- [WHAT TO DO]:
I would like you to return all of the records exactly as they stand.

Records from a data source
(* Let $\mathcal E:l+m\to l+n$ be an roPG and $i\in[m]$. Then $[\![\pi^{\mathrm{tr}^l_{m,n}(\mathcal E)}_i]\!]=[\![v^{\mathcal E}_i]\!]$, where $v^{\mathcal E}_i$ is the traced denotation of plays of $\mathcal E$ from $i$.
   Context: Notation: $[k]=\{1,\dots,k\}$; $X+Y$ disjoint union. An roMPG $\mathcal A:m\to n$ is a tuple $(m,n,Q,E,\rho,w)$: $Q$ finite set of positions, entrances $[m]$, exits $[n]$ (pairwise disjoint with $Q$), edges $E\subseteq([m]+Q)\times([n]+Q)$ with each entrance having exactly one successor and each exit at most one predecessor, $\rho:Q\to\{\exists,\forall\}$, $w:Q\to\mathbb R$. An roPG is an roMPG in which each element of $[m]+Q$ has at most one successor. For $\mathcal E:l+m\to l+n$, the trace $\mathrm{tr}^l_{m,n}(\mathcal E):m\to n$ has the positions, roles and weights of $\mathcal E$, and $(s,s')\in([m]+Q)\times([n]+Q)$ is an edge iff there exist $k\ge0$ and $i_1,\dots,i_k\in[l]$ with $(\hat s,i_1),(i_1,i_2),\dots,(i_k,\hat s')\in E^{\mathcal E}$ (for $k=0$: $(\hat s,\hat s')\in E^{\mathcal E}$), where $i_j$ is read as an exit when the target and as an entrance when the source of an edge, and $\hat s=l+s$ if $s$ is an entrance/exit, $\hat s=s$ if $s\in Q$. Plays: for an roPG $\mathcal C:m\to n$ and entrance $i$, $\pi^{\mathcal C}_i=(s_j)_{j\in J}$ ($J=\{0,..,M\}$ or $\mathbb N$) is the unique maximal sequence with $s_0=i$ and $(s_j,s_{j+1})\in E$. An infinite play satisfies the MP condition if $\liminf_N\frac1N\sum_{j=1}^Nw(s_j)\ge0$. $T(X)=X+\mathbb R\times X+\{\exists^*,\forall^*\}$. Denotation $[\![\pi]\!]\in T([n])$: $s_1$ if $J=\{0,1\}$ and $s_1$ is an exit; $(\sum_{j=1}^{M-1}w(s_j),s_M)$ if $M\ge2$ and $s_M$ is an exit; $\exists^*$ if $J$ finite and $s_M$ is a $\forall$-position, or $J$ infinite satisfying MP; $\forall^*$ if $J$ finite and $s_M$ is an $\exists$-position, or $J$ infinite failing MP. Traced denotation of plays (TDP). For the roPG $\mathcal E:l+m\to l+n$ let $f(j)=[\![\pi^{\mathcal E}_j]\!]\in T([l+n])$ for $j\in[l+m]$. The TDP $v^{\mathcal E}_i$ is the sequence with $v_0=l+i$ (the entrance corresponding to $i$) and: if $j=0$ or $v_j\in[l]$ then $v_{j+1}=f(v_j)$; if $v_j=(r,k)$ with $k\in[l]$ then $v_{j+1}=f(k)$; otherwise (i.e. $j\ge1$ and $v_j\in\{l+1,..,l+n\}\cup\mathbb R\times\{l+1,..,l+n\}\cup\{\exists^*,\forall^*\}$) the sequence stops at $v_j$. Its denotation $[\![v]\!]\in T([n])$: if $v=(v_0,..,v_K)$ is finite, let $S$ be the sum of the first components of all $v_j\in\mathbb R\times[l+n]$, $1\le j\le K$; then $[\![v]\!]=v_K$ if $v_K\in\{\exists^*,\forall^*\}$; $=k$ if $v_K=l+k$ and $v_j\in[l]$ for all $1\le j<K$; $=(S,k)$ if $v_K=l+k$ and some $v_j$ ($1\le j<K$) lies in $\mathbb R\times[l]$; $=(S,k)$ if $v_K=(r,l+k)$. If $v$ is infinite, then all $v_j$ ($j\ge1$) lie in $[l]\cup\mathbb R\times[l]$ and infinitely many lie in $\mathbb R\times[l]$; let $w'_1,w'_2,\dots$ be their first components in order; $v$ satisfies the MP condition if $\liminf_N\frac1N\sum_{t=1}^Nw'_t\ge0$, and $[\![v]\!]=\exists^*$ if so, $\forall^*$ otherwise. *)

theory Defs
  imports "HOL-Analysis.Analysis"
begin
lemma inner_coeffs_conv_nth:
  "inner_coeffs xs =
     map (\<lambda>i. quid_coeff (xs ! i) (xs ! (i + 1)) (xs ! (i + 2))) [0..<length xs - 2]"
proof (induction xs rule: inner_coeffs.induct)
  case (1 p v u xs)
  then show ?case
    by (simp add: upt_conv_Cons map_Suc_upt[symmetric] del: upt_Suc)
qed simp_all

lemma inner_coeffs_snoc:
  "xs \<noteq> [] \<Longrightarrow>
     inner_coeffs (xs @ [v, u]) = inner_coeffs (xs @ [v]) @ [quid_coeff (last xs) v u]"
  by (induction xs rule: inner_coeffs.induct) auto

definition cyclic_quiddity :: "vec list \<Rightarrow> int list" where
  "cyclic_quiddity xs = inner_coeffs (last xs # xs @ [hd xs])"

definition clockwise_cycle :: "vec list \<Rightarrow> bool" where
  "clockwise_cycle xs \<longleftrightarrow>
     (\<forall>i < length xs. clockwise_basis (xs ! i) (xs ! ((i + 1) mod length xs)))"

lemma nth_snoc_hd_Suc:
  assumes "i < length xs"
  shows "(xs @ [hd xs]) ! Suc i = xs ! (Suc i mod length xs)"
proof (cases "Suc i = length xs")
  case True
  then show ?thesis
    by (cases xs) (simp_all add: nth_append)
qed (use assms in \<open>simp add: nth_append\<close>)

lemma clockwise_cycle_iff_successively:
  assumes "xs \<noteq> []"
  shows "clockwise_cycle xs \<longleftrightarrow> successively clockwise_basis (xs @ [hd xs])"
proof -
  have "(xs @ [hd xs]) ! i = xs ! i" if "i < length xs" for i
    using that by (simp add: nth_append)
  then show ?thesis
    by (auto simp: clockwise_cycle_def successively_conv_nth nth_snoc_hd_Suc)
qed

- [ANSWER SECTION]:
(* Let $\mathcal E:l+m\to l+n$ be an roPG and $i\in[m]$. Then $[\![\pi^{\mathrm{tr}^l_{m,n}(\mathcal E)}_i]\!]=[\![v^{\mathcal E}_i]\!]$, where $v^{\mathcal E}_i$ is the traced denotation of plays of $\mathcal E$ from $i$.
   Context: Notation: $[k]=\{1,\dots,k\}$; $X+Y$ disjoint union. An roMPG $\mathcal A:m\to n$ is a tuple $(m,n,Q,E,\rho,w)$: $Q$ finite set of positions, entrances $[m]$, exits $[n]$ (pairwise disjoint with $Q$), edges $E\subseteq([m]+Q)\times([n]+Q)$ with each entrance having exactly one successor and each exit at most one predecessor, $\rho:Q\to\{\exists,\forall\}$, $w:Q\to\mathbb R$. An roPG is an roMPG in which each element of $[m]+Q$ has at most one successor. For $\mathcal E:l+m\to l+n$, the trace $\mathrm{tr}^l_{m,n}(\mathcal E):m\to n$ has the positions, roles and weights of $\mathcal E$, and $(s,s')\in([m]+Q)\times([n]+Q)$ is an edge iff there exist $k\ge0$ and $i_1,\dots,i_k\in[l]$ with $(\hat s,i_1),(i_1,i_2),\dots,(i_k,\hat s')\in E^{\mathcal E}$ (for $k=0$: $(\hat s,\hat s')\in E^{\mathcal E}$), where $i_j$ is read as an exit when the target and as an entrance when the source of an edge, and $\hat s=l+s$ if $s$ is an entrance/exit, $\hat s=s$ if $s\in Q$. Plays: for an roPG $\mathcal C:m\to n$ and entrance $i$, $\pi^{\mathcal C}_i=(s_j)_{j\in J}$ ($J=\{0,..,M\}$ or $\mathbb N$) is the unique maximal sequence with $s_0=i$ and $(s_j,s_{j+1})\in E$. An infinite play satisfies the MP condition if $\liminf_N\frac1N\sum_{j=1}^Nw(s_j)\ge0$. $T(X)=X+\mathbb R\times X+\{\exists^*,\forall^*\}$. Denotation $[\![\pi]\!]\in T([n])$: $s_1$ if $J=\{0,1\}$ and $s_1$ is an exit; $(\sum_{j=1}^{M-1}w(s_j),s_M)$ if $M\ge2$ and $s_M$ is an exit; $\exists^*$ if $J$ finite and $s_M$ is a $\forall$-position, or $J$ infinite satisfying MP; $\forall^*$ if $J$ finite and $s_M$ is an $\exists$-position, or $J$ infinite failing MP. Traced denotation of plays (TDP). For the roPG $\mathcal E:l+m\to l+n$ let $f(j)=[\![\pi^{\mathcal E}_j]\!]\in T([l+n])$ for $j\in[l+m]$. The TDP $v^{\mathcal E}_i$ is the sequence with $v_0=l+i$ (the entrance corresponding to $i$) and: if $j=0$ or $v_j\in[l]$ then $v_{j+1}=f(v_j)$; if $v_j=(r,k)$ with $k\in[l]$ then $v_{j+1}=f(k)$; otherwise (i.e. $j\ge1$ and $v_j\in\{l+1,..,l+n\}\cup\mathbb R\times\{l+1,..,l+n\}\cup\{\exists^*,\forall^*\}$) the sequence stops at $v_j$. Its denotation $[\![v]\!]\in T([n])$: if $v=(v_0,..,v_K)$ is finite, let $S$ be the sum of the first components of all $v_j\in\mathbb R\times[l+n]$, $1\le j\le K$; then $[\![v]\!]=v_K$ if $v_K\in\{\exists^*,\forall^*\}$; $=k$ if $v_K=l+k$ and $v_j\in[l]$ for all $1\le j<K$; $=(S,k)$ if $v_K=l+k$ and some $v_j$ ($1\le j<K$) lies in $\mathbb R\times[l]$; $=(S,k)$ if $v_K=(r,l+k)$. If $v$ is infinite, then all $v_j$ ($j\ge1$) lie in $[l]\cup\mathbb R\times[l]$ and infinitely many lie in $\mathbb R\times[l]$; let $w'_1,w'_2,\dots$ be their first components in order; $v$ satisfies the MP condition if $\liminf_N\frac1N\sum_{t=1}^Nw'_t\ge0$, and $[\![v]\!]=\exists^*$ if so, $\forall^*$ otherwise. *)

theory Defs
  imports "HOL-Analysis.Analysis"
begin
lemma inner_coeffs_conv_nth:
  "inner_coeffs xs =
     map (\<lambda>i. quid_coeff (xs ! i) (xs ! (i + 1)) (xs ! (i + 2))) [0..<length xs - 2]"
proof (induction xs rule: inner_coeffs.induct)
  case (1 p v u xs)
  then show ?case
    by (simp add: upt_conv_Cons map_Suc_upt[symmetric] del: upt_Suc)
qed simp_all

lemma inner_coeffs_snoc:
  "xs \<noteq> [] \<Longrightarrow>
     inner_coeffs (xs @ [v, u]) = inner_coeffs (xs @ [v]) @ [quid_coeff (last xs) v u]"
  by (induction xs rule: inner_coeffs.induct) auto

definition cyclic_quiddity :: "vec list \<Rightarrow> int list" where
  "cyclic_quiddity xs = inner_coeffs (last xs # xs @ [hd xs])"

definition clockwise_cycle :: "vec list \<Rightarrow> bool" where
  "clockwise_cycle xs \<longleftrightarrow>
     (\<forall>i < length xs. clockwise_basis (xs ! i) (xs ! ((i + 1) mod length xs)))"

lemma nth_snoc_hd_Suc:
  assumes "i < length xs"
  shows "(xs @ [hd xs]) ! Suc i = xs ! (Suc i mod length xs)"
proof (cases "Suc i = length xs")
  case True
  then show ?thesis
    by (cases xs) (simp_all add: nth_append)
qed (use assms in \<open>simp add: nth_append\<close>)

lemma clockwise_cycle_iff_successively:
  assumes "xs \<noteq> []"
  shows "clockwise_cycle xs \<longleftrightarrow> successively clockwise_basis (xs @ [hd xs])"
proof -
  have "(xs @ [hd xs]) ! i = xs ! i" if "i < length xs" for i
    using that by (simp add: nth_append)
  then show ?thesis
    by (auto simp: clockwise_cycle_def successively_conv_nth nth_snoc_hd_Suc)
qed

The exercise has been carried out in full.